= What the task asks =
The records are to be reproduced verbatim.

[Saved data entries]
(* For every $D>0$ there exists $R>0$ (depending only on $D$) such that the following holds. Let $(C,S)$ be a right-angled Coxeter system and let $\gamma\in C$ have $D$-bounded product projections. Then every itinerary traversing $\gamma$ is equivalent to an itinerary $\mathcal{U}$ of the form $$\{W_1\},\mathcal{V}_1,\{W_2\},\mathcal{V}_2,\dots,\{W_n\},\mathcal{V}_n$$ (a concatenation, where each $\mathcal{V}_i$ is a possibly empty sequence of walls) such that: (a) $|\mathcal{V}_i|\le R$ for all $i$; (b) every wall in $\mathcal{V}_i$ intersects $W_i$; (c) $W_i\cap W_j=\emptyset$ for all $i\ne j$; (d) every wall $W_i$ intersects at most $R$ other walls of $\mathcal{U}$.
   Context: $(C,S)$ right-angled Coxeter system. Walls: for a reflection $r$ (conjugate of a generator), the set of edges $\{g,gs\}$ of $\mathrm{Cay}(C,S)$ with $gsg^{-1}=r$; these are the hyperplanes of the Davis complex, and two walls intersect if the hyperplanes intersect (for distinct walls, equivalently the reflections commute). A wall separates $\alpha,\beta$ if every edge path from $\alpha$ to $\beta$ uses one of its edges; $\mathbf{W}(\alpha,\beta)$ is the set of separating walls, $\mathbf{W}(\gamma)=\mathbf{W}(\mathrm{id},\gamma)$, with partial order $W<W'$ iff $W$ separates $\alpha$ from $W'$. An itinerary is a sequence of walls $W_1,\dots,W_m$ with edges $e_i\in W_i$ forming a geodesic edge path; it traverses the element represented by the word of edge labels; it joins $\alpha$ to $\beta$ if such a path goes from $\alpha$ to $\beta$. Two itineraries are equivalent if both join some $\alpha$ to some $\beta$. $|\mathcal{V}|$ is the number of walls of $\mathcal{V}$. $\gamma$ has $D$-bounded product projections if every pair of disjoint subsets $A,B\subset\mathbf{W}(\gamma)$ such that each element of $A$ is incomparable with each element of $B$ satisfies $\min(|A|,|B|)\le D$. *)

theory Defs
  imports Complex_Main
begin

text \<open>Right-angled Coxeter systems, presented by a set of generators S and a
  commutation graph E on S.  Group elements are equivalence classes of words
  over S modulo the Coxeter relations s s = 1 and s t = t s for E s t.\<close>

inductive_set rstep :: "'a set \<Rightarrow> ('a \<Rightarrow> 'a \<Rightarrow> bool) \<Rightarrow> ('a list \<times> 'a list) set"
  for S :: "'a set" and E :: "'a \<Rightarrow> 'a \<Rightarrow> bool" where
  del: "s \<in> S \<Longrightarrow> (xs @ [s, s] @ ys, xs @ ys) \<in> rstep S E"
| swap: "E s t \<Longrightarrow> (xs @ [s, t] @ ys, xs @ [t, s] @ ys) \<in> rstep S E"

definition weq :: "'a set \<Rightarrow> ('a \<Rightarrow> 'a \<Rightarrow> bool) \<Rightarrow> ('a list \<times> 'a list) set" where
  "weq S E = (rstep S E \<union> (rstep S E)\<inverse>)\<^sup>*"

definition cls :: "'a set \<Rightarrow> ('a \<Rightarrow> 'a \<Rightarrow> bool) \<Rightarrow> 'a list \<Rightarrow> 'a list set" where
  "cls S E u = {v. (u, v) \<in> weq S E}"

definition grp :: "'a set \<Rightarrow> ('a \<Rightarrow> 'a \<Rightarrow> bool) \<Rightarrow> 'a list set set" where
  "grp S E = {cls S E u | u. u \<in> lists S}"

text \<open>(S,E) defines a right-angled Coxeter system: S finite, E a simple graph on S
  (m_st = 2 if E s t, m_st = infinity otherwise).\<close>
definition racs :: "'a set \<Rightarrow> ('a \<Rightarrow> 'a \<Rightarrow> bool) \<Rightarrow> bool" where
  "racs S E \<longleftrightarrow> finite S \<and> (\<forall>s t. E s t \<longrightarrow> s \<in> S \<and> t \<in> S \<and> s \<noteq> t \<and> E t s)"

text \<open>Reflections: conjugates g s g^-1 of generators (g^-1 is the reversed word).\<close>
definition reflections :: "'a set \<Rightarrow> ('a \<Rightarrow> 'a \<Rightarrow> bool) \<Rightarrow> 'a list set set" where
  "reflections S E = {cls S E (v @ [s] @ rev v) | v s. v \<in> lists S \<and> s \<in> S}"

definition wall :: "'a set \<Rightarrow> ('a \<Rightarrow> 'a \<Rightarrow> bool) \<Rightarrow> 'a list set \<Rightarrow> 'a list set set set" where
  "wall S E r = {{cls S E v, cls S E (v @ [s])} | v s.
      v \<in> lists S \<and> s \<in> S \<and> cls S E (v @ [s] @ rev v) = r}"

definition walls :: "'a set \<Rightarrow> ('a \<Rightarrow> 'a \<Rightarrow> bool) \<Rightarrow> 'a list set set set set" where
  "walls S E = wall S E ` reflections S E"

definition commute_el :: "'a set \<Rightarrow> ('a \<Rightarrow> 'a \<Rightarrow> bool) \<Rightarrow> 'a list set \<Rightarrow> 'a list set \<Rightarrow> bool" where
  "commute_el S E g h \<longleftrightarrow>
     (\<exists>a\<in>g. \<exists>b\<in>h. a \<in> lists S \<and> b \<in> lists S \<and> cls S E (a @ b) = cls S E (b @ a))"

= Output of the exercise =
(* For every $D>0$ there exists $R>0$ (depending only on $D$) such that the following holds. Let $(C,S)$ be a right-angled Coxeter system and let $\gamma\in C$ have $D$-bounded product projections. Then every itinerary traversing $\gamma$ is equivalent to an itinerary $\mathcal{U}$ of the form $$\{W_1\},\mathcal{V}_1,\{W_2\},\mathcal{V}_2,\dots,\{W_n\},\mathcal{V}_n$$ (a concatenation, where each $\mathcal{V}_i$ is a possibly empty sequence of walls) such that: (a) $|\mathcal{V}_i|\le R$ for all $i$; (b) every wall in $\mathcal{V}_i$ intersects $W_i$; (c) $W_i\cap W_j=\emptyset$ for all $i\ne j$; (d) every wall $W_i$ intersects at most $R$ other walls of $\mathcal{U}$.
   Context: $(C,S)$ right-angled Coxeter system. Walls: for a reflection $r$ (conjugate of a generator), the set of edges $\{g,gs\}$ of $\mathrm{Cay}(C,S)$ with $gsg^{-1}=r$; these are the hyperplanes of the Davis complex, and two walls intersect if the hyperplanes intersect (for distinct walls, equivalently the reflections commute). A wall separates $\alpha,\beta$ if every edge path from $\alpha$ to $\beta$ uses one of its edges; $\mathbf{W}(\alpha,\beta)$ is the set of separating walls, $\mathbf{W}(\gamma)=\mathbf{W}(\mathrm{id},\gamma)$, with partial order $W<W'$ iff $W$ separates $\alpha$ from $W'$. An itinerary is a sequence of walls $W_1,\dots,W_m$ with edges $e_i\in W_i$ forming a geodesic edge path; it traverses the element represented by the word of edge labels; it joins $\alpha$ to $\beta$ if such a path goes from $\alpha$ to $\beta$. Two itineraries are equivalent if both join some $\alpha$ to some $\beta$. $|\mathcal{V}|$ is the number of walls of $\mathcal{V}$. $\gamma$ has $D$-bounded product projections if every pair of disjoint subsets $A,B\subset\mathbf{W}(\gamma)$ such that each element of $A$ is incomparable with each element of $B$ satisfies $\min(|A|,|B|)\le D$. *)

theory Defs
  imports Complex_Main
begin

text \<open>Right-angled Coxeter systems, presented by a set of generators S and a
  commutation graph E on S.  Group elements are equivalence classes of words
  over S modulo the Coxeter relations s s = 1 and s t = t s for E s t.\<close>

inductive_set rstep :: "'a set \<Rightarrow> ('a \<Rightarrow> 'a \<Rightarrow> bool) \<Rightarrow> ('a list \<times> 'a list) set"
  for S :: "'a set" and E :: "'a \<Rightarrow> 'a \<Rightarrow> bool" where
  del: "s \<in> S \<Longrightarrow> (xs @ [s, s] @ ys, xs @ ys) \<in> rstep S E"
| swap: "E s t \<Longrightarrow> (xs @ [s, t] @ ys, xs @ [t, s] @ ys) \<in> rstep S E"

definition weq :: "'a set \<Rightarrow> ('a \<Rightarrow> 'a \<Rightarrow> bool) \<Rightarrow> ('a list \<times> 'a list) set" where
  "weq S E = (rstep S E \<union> (rstep S E)\<inverse>)\<^sup>*"

definition cls :: "'a set \<Rightarrow> ('a \<Rightarrow> 'a \<Rightarrow> bool) \<Rightarrow> 'a list \<Rightarrow> 'a list set" where
  "cls S E u = {v. (u, v) \<in> weq S E}"

definition grp :: "'a set \<Rightarrow> ('a \<Rightarrow> 'a \<Rightarrow> bool) \<Rightarrow> 'a list set set" where
  "grp S E = {cls S E u | u. u \<in> lists S}"

text \<open>(S,E) defines a right-angled Coxeter system: S finite, E a simple graph on S
  (m_st = 2 if E s t, m_st = infinity otherwise).\<close>
definition racs :: "'a set \<Rightarrow> ('a \<Rightarrow> 'a \<Rightarrow> bool) \<Rightarrow> bool" where
  "racs S E \<longleftrightarrow> finite S \<and> (\<forall>s t. E s t \<longrightarrow> s \<in> S \<and> t \<in> S \<and> s \<noteq> t \<and> E t s)"

text \<open>Reflections: conjugates g s g^-1 of generators (g^-1 is the reversed word).\<close>
definition reflections :: "'a set \<Rightarrow> ('a \<Rightarrow> 'a \<Rightarrow> bool) \<Rightarrow> 'a list set set" where
  "reflections S E = {cls S E (v @ [s] @ rev v) | v s. v \<in> lists S \<and> s \<in> S}"

definition wall :: "'a set \<Rightarrow> ('a \<Rightarrow> 'a \<Rightarrow> bool) \<Rightarrow> 'a list set \<Rightarrow> 'a list set set set" where
  "wall S E r = {{cls S E v, cls S E (v @ [s])} | v s.
      v \<in> lists S \<and> s \<in> S \<and> cls S E (v @ [s] @ rev v) = r}"

definition walls :: "'a set \<Rightarrow> ('a \<Rightarrow> 'a \<Rightarrow> bool) \<Rightarrow> 'a list set set set set" where
  "walls S E = wall S E ` reflections S E"

definition commute_el :: "'a set \<Rightarrow> ('a \<Rightarrow> 'a \<Rightarrow> bool) \<Rightarrow> 'a list set \<Rightarrow> 'a list set \<Rightarrow> bool" where
  "commute_el S E g h \<longleftrightarrow>
     (\<exists>a\<in>g. \<exists>b\<in>h. a \<in> lists S \<and> b \<in> lists S \<and> cls S E (a @ b) = cls S E (b @ a))"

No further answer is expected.